Reproduce all of the data exactly, with no line skipped.

----

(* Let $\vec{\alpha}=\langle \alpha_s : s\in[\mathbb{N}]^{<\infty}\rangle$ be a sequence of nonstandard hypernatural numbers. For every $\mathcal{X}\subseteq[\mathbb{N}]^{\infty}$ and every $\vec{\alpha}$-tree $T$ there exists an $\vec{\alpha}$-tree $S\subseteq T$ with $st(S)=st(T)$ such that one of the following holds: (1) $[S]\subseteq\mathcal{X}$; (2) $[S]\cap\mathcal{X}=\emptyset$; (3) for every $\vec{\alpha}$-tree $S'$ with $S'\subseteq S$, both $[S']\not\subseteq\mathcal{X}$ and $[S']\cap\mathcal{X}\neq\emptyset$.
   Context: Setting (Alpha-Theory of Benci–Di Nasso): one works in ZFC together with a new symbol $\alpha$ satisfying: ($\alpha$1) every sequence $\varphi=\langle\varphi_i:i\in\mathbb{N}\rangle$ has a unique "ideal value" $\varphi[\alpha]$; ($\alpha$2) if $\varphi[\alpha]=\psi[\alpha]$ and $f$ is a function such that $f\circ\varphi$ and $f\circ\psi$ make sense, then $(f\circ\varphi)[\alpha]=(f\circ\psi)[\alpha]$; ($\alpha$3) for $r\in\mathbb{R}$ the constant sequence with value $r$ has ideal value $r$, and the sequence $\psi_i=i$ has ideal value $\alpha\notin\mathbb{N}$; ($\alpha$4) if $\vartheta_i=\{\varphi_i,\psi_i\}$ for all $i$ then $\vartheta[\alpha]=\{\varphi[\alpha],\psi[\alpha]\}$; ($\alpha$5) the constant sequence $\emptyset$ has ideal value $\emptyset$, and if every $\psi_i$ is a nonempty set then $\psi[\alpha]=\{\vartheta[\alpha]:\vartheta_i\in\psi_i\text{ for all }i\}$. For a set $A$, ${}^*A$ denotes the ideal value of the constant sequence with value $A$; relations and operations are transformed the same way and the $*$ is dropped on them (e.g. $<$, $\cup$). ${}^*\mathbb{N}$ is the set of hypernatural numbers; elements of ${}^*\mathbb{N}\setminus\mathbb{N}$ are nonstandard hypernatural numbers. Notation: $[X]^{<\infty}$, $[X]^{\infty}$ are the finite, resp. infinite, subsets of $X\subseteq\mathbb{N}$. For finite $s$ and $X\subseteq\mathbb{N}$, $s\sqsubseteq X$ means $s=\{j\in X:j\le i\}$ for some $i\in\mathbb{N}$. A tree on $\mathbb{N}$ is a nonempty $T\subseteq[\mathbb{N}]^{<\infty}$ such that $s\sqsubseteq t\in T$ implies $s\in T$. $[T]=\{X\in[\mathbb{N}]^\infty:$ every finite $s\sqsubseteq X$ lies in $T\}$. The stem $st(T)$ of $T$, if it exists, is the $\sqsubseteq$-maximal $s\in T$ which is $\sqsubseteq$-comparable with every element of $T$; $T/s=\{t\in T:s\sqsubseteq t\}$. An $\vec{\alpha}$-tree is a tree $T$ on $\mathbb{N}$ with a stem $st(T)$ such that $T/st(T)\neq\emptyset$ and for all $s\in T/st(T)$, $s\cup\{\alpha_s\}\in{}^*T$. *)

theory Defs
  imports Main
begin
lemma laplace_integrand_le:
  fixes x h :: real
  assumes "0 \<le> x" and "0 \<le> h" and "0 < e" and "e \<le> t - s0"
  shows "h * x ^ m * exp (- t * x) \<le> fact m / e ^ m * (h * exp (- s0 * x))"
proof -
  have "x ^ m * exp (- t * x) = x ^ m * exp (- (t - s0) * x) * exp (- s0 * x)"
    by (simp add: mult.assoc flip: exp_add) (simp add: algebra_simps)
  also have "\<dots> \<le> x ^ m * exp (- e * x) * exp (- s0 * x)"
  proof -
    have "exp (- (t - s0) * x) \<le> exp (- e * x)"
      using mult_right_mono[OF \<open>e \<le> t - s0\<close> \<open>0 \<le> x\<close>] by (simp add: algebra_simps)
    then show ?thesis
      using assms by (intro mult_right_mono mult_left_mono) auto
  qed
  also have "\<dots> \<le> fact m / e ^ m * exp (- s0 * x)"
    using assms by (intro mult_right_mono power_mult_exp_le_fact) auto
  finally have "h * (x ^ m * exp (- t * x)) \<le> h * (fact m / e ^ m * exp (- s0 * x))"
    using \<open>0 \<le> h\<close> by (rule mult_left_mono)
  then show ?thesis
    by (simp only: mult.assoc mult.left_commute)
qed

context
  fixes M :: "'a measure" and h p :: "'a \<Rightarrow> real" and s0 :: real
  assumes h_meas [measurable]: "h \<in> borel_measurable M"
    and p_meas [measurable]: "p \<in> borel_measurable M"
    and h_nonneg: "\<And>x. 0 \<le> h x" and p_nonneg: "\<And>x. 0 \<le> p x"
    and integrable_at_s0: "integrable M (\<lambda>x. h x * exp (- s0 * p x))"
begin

----

▸ Result of this task
(* Let $\vec{\alpha}=\langle \alpha_s : s\in[\mathbb{N}]^{<\infty}\rangle$ be a sequence of nonstandard hypernatural numbers. For every $\mathcal{X}\subseteq[\mathbb{N}]^{\infty}$ and every $\vec{\alpha}$-tree $T$ there exists an $\vec{\alpha}$-tree $S\subseteq T$ with $st(S)=st(T)$ such that one of the following holds: (1) $[S]\subseteq\mathcal{X}$; (2) $[S]\cap\mathcal{X}=\emptyset$; (3) for every $\vec{\alpha}$-tree $S'$ with $S'\subseteq S$, both $[S']\not\subseteq\mathcal{X}$ and $[S']\cap\mathcal{X}\neq\emptyset$.
   Context: Setting (Alpha-Theory of Benci–Di Nasso): one works in ZFC together with a new symbol $\alpha$ satisfying: ($\alpha$1) every sequence $\varphi=\langle\varphi_i:i\in\mathbb{N}\rangle$ has a unique "ideal value" $\varphi[\alpha]$; ($\alpha$2) if $\varphi[\alpha]=\psi[\alpha]$ and $f$ is a function such that $f\circ\varphi$ and $f\circ\psi$ make sense, then $(f\circ\varphi)[\alpha]=(f\circ\psi)[\alpha]$; ($\alpha$3) for $r\in\mathbb{R}$ the constant sequence with value $r$ has ideal value $r$, and the sequence $\psi_i=i$ has ideal value $\alpha\notin\mathbb{N}$; ($\alpha$4) if $\vartheta_i=\{\varphi_i,\psi_i\}$ for all $i$ then $\vartheta[\alpha]=\{\varphi[\alpha],\psi[\alpha]\}$; ($\alpha$5) the constant sequence $\emptyset$ has ideal value $\emptyset$, and if every $\psi_i$ is a nonempty set then $\psi[\alpha]=\{\vartheta[\alpha]:\vartheta_i\in\psi_i\text{ for all }i\}$. For a set $A$, ${}^*A$ denotes the ideal value of the constant sequence with value $A$; relations and operations are transformed the same way and the $*$ is dropped on them (e.g. $<$, $\cup$). ${}^*\mathbb{N}$ is the set of hypernatural numbers; elements of ${}^*\mathbb{N}\setminus\mathbb{N}$ are nonstandard hypernatural numbers. Notation: $[X]^{<\infty}$, $[X]^{\infty}$ are the finite, resp. infinite, subsets of $X\subseteq\mathbb{N}$. For finite $s$ and $X\subseteq\mathbb{N}$, $s\sqsubseteq X$ means $s=\{j\in X:j\le i\}$ for some $i\in\mathbb{N}$. A tree on $\mathbb{N}$ is a nonempty $T\subseteq[\mathbb{N}]^{<\infty}$ such that $s\sqsubseteq t\in T$ implies $s\in T$. $[T]=\{X\in[\mathbb{N}]^\infty:$ every finite $s\sqsubseteq X$ lies in $T\}$. The stem $st(T)$ of $T$, if it exists, is the $\sqsubseteq$-maximal $s\in T$ which is $\sqsubseteq$-comparable with every element of $T$; $T/s=\{t\in T:s\sqsubseteq t\}$. An $\vec{\alpha}$-tree is a tree $T$ on $\mathbb{N}$ with a stem $st(T)$ such that $T/st(T)\neq\emptyset$ and for all $s\in T/st(T)$, $s\cup\{\alpha_s\}\in{}^*T$. *)

theory Defs
  imports Main
begin
lemma laplace_integrand_le:
  fixes x h :: real
  assumes "0 \<le> x" and "0 \<le> h" and "0 < e" and "e \<le> t - s0"
  shows "h * x ^ m * exp (- t * x) \<le> fact m / e ^ m * (h * exp (- s0 * x))"
proof -
  have "x ^ m * exp (- t * x) = x ^ m * exp (- (t - s0) * x) * exp (- s0 * x)"
    by (simp add: mult.assoc flip: exp_add) (simp add: algebra_simps)
  also have "\<dots> \<le> x ^ m * exp (- e * x) * exp (- s0 * x)"
  proof -
    have "exp (- (t - s0) * x) \<le> exp (- e * x)"
      using mult_right_mono[OF \<open>e \<le> t - s0\<close> \<open>0 \<le> x\<close>] by (simp add: algebra_simps)
    then show ?thesis
      using assms by (intro mult_right_mono mult_left_mono) auto
  qed
  also have "\<dots> \<le> fact m / e ^ m * exp (- s0 * x)"
    using assms by (intro mult_right_mono power_mult_exp_le_fact) auto
  finally have "h * (x ^ m * exp (- t * x)) \<le> h * (fact m / e ^ m * exp (- s0 * x))"
    using \<open>0 \<le> h\<close> by (rule mult_left_mono)
  then show ?thesis
    by (simp only: mult.assoc mult.left_commute)
qed

context
  fixes M :: "'a measure" and h p :: "'a \<Rightarrow> real" and s0 :: real
  assumes h_meas [measurable]: "h \<in> borel_measurable M"
    and p_meas [measurable]: "p \<in> borel_measurable M"
    and h_nonneg: "\<And>x. 0 \<le> h x" and p_nonneg: "\<And>x. 0 \<le> p x"
    and integrable_at_s0: "integrable M (\<lambda>x. h x * exp (- s0 * p x))"
begin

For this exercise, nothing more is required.